[Data items]
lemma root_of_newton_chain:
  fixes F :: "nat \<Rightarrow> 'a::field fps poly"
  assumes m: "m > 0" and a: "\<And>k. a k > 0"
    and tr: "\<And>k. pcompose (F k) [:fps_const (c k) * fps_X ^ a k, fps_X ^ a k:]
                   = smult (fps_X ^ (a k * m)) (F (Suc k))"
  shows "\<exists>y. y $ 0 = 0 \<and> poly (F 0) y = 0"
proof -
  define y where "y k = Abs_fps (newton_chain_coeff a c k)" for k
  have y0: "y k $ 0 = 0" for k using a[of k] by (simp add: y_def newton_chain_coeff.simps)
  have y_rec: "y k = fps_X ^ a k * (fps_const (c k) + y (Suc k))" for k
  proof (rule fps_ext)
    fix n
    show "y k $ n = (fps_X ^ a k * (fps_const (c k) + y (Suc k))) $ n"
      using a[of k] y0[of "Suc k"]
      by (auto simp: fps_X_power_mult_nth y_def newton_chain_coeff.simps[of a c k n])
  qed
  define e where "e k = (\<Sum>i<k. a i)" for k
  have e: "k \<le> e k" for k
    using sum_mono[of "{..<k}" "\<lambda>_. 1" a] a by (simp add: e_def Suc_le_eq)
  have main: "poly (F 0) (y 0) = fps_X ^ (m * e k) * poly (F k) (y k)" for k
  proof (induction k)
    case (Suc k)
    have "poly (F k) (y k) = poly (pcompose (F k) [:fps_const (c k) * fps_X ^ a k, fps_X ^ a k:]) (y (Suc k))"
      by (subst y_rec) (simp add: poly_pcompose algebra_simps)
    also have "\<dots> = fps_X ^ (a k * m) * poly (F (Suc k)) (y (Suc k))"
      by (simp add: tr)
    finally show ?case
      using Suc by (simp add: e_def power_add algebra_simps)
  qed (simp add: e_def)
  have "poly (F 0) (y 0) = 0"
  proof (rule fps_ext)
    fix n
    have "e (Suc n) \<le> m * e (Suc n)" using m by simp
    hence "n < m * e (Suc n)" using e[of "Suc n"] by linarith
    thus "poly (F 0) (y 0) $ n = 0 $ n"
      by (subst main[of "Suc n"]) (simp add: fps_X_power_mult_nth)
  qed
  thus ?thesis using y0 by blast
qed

==

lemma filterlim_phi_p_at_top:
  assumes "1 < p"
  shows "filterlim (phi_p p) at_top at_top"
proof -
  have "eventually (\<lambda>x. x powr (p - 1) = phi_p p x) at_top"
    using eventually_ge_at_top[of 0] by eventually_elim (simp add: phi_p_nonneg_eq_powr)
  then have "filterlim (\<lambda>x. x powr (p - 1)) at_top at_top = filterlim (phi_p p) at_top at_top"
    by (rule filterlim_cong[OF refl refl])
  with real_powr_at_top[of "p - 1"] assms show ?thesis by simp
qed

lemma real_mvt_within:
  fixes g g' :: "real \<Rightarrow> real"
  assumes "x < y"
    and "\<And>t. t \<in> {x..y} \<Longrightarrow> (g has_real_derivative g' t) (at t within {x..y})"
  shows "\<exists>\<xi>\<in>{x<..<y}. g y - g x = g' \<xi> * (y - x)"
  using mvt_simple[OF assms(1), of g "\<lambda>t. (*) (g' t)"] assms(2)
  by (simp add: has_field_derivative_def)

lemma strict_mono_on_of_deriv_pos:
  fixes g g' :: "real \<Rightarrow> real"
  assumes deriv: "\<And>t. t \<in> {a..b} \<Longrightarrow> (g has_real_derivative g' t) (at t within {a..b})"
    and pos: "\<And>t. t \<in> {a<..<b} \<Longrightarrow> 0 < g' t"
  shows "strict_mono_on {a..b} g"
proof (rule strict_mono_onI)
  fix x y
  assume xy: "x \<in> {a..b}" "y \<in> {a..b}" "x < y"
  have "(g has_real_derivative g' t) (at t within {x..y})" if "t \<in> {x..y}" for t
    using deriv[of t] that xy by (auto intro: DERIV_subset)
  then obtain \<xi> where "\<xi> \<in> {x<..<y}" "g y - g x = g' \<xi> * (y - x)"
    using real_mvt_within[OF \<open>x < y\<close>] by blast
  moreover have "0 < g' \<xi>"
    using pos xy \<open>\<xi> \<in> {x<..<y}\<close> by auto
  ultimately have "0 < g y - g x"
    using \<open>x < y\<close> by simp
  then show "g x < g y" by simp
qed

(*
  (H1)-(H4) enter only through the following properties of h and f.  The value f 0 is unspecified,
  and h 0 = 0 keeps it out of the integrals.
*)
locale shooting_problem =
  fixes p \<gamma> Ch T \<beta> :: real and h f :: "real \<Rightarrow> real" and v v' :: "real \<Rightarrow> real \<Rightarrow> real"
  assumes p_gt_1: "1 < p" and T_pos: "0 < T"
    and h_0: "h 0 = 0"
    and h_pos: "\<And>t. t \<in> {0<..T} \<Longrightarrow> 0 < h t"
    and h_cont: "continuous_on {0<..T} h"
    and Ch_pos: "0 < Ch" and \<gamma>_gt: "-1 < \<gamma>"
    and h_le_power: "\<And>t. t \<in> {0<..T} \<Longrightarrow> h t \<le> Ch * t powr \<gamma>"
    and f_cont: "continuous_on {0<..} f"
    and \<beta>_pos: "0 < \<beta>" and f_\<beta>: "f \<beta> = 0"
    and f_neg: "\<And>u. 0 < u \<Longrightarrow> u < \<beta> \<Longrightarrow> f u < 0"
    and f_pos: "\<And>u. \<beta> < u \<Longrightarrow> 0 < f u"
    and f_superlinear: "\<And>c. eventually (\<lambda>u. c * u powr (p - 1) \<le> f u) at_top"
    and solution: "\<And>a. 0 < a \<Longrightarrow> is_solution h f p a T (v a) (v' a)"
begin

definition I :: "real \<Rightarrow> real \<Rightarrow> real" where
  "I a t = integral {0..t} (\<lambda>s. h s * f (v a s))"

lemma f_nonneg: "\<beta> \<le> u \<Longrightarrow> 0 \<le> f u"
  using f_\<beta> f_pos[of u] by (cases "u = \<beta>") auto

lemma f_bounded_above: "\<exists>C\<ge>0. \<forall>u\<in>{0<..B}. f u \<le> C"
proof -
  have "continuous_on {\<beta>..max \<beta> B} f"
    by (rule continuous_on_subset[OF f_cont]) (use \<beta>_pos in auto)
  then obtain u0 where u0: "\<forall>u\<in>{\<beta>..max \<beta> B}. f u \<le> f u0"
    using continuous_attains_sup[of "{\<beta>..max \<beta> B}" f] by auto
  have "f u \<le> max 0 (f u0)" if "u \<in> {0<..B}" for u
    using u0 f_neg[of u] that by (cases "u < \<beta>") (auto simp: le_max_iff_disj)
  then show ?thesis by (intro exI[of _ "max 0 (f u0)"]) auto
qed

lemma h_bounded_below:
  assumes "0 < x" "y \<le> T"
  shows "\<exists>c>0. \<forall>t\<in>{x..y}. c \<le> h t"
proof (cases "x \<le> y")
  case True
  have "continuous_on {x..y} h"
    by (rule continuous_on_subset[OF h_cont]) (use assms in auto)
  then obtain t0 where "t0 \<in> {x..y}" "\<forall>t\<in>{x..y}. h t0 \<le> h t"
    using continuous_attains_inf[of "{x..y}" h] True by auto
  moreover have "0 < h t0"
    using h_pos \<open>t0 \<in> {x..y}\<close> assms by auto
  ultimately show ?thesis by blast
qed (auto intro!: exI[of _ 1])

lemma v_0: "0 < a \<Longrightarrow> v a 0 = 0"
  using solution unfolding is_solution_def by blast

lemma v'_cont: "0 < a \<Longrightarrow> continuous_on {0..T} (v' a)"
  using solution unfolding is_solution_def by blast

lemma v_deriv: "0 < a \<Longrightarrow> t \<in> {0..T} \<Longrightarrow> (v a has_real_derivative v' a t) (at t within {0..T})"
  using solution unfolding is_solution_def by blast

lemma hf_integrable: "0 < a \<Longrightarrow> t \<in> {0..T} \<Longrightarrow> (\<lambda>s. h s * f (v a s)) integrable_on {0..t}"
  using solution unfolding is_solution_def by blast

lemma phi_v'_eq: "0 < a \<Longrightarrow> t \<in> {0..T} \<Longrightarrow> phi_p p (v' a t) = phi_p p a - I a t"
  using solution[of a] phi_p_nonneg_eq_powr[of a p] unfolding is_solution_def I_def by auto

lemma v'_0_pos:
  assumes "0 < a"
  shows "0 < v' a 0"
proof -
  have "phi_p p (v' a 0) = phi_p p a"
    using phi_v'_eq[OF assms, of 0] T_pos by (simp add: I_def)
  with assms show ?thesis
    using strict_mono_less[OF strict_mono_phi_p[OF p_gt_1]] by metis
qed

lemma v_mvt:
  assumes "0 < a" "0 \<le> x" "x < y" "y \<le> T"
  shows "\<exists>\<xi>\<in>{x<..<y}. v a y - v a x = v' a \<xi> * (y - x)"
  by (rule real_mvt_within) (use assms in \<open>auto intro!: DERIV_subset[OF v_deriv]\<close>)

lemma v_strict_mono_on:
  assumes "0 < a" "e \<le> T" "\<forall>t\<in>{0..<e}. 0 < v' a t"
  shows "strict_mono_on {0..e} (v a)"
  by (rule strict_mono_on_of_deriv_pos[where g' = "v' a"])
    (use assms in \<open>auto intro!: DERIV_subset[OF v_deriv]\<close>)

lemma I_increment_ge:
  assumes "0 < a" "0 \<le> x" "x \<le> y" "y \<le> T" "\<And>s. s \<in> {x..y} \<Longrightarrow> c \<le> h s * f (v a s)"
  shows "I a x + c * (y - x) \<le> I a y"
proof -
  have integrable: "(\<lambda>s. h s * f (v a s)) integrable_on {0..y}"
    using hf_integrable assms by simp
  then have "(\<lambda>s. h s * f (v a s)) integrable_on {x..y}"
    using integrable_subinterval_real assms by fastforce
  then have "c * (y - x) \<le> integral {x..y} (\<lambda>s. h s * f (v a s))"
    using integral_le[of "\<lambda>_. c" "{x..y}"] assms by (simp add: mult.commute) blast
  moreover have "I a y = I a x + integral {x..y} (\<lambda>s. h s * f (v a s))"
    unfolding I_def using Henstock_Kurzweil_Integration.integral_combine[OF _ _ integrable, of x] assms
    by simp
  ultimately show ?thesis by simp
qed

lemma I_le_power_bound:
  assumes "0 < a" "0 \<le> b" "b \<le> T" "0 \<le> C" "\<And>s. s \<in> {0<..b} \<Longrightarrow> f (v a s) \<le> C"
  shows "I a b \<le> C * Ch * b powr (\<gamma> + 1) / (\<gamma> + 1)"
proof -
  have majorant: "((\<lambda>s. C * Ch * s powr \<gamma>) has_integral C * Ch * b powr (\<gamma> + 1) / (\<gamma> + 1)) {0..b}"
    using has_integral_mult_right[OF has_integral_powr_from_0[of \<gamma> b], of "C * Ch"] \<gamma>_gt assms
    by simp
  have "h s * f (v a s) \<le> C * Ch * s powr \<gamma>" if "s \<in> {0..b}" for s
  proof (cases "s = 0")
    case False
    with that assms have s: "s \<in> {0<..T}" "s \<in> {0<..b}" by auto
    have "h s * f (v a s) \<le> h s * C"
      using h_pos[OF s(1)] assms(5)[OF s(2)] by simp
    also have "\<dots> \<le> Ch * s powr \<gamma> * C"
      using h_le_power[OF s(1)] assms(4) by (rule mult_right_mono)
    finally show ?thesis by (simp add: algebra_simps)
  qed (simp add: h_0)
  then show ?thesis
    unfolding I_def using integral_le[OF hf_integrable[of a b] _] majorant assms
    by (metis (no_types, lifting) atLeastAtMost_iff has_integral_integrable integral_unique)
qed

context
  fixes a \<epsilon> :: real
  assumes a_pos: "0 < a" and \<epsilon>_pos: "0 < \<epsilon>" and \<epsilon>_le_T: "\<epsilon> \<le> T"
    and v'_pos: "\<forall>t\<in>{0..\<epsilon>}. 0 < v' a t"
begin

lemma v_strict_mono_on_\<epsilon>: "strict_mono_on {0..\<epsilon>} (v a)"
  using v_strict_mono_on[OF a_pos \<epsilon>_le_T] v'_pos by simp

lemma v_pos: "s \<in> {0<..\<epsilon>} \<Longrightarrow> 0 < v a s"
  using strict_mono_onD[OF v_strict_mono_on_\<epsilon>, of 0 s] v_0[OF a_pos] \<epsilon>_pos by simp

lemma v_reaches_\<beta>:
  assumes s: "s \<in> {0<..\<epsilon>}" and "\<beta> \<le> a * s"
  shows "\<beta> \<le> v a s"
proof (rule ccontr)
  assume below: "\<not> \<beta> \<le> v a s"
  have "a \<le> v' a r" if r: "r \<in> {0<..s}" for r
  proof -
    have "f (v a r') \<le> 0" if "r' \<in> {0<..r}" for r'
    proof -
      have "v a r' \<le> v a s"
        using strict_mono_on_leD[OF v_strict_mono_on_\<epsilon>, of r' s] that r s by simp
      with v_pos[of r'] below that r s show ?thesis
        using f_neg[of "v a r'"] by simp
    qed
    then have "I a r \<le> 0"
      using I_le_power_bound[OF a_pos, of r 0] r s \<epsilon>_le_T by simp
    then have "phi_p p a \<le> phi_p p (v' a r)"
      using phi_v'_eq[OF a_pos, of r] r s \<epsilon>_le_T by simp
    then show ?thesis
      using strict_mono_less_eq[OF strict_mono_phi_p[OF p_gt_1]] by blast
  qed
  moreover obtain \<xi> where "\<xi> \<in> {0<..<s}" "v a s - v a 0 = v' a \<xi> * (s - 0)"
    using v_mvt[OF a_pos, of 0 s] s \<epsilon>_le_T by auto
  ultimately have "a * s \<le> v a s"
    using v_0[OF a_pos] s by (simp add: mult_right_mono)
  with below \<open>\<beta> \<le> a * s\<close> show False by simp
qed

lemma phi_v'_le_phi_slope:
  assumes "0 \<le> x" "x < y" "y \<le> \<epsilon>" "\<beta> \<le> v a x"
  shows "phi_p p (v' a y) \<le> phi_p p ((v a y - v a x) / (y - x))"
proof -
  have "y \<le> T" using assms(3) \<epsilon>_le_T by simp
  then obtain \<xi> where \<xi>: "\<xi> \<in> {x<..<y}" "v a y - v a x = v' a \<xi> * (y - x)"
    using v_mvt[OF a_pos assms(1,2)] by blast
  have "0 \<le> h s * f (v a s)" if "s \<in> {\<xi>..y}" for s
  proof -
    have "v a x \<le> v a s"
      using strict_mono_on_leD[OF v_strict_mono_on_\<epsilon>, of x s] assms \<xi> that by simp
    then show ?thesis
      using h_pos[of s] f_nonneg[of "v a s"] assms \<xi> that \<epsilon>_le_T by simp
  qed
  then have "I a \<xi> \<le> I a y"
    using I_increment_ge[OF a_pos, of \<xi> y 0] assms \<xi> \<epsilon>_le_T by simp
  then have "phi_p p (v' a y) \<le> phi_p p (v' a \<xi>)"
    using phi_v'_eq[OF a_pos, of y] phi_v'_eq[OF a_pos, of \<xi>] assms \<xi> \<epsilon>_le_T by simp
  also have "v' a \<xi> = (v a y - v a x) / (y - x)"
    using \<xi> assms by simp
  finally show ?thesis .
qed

◆ **Exercise aim**
Find every line above that includes the word "gamma" and report only how many there are.

◆ **Response below**
8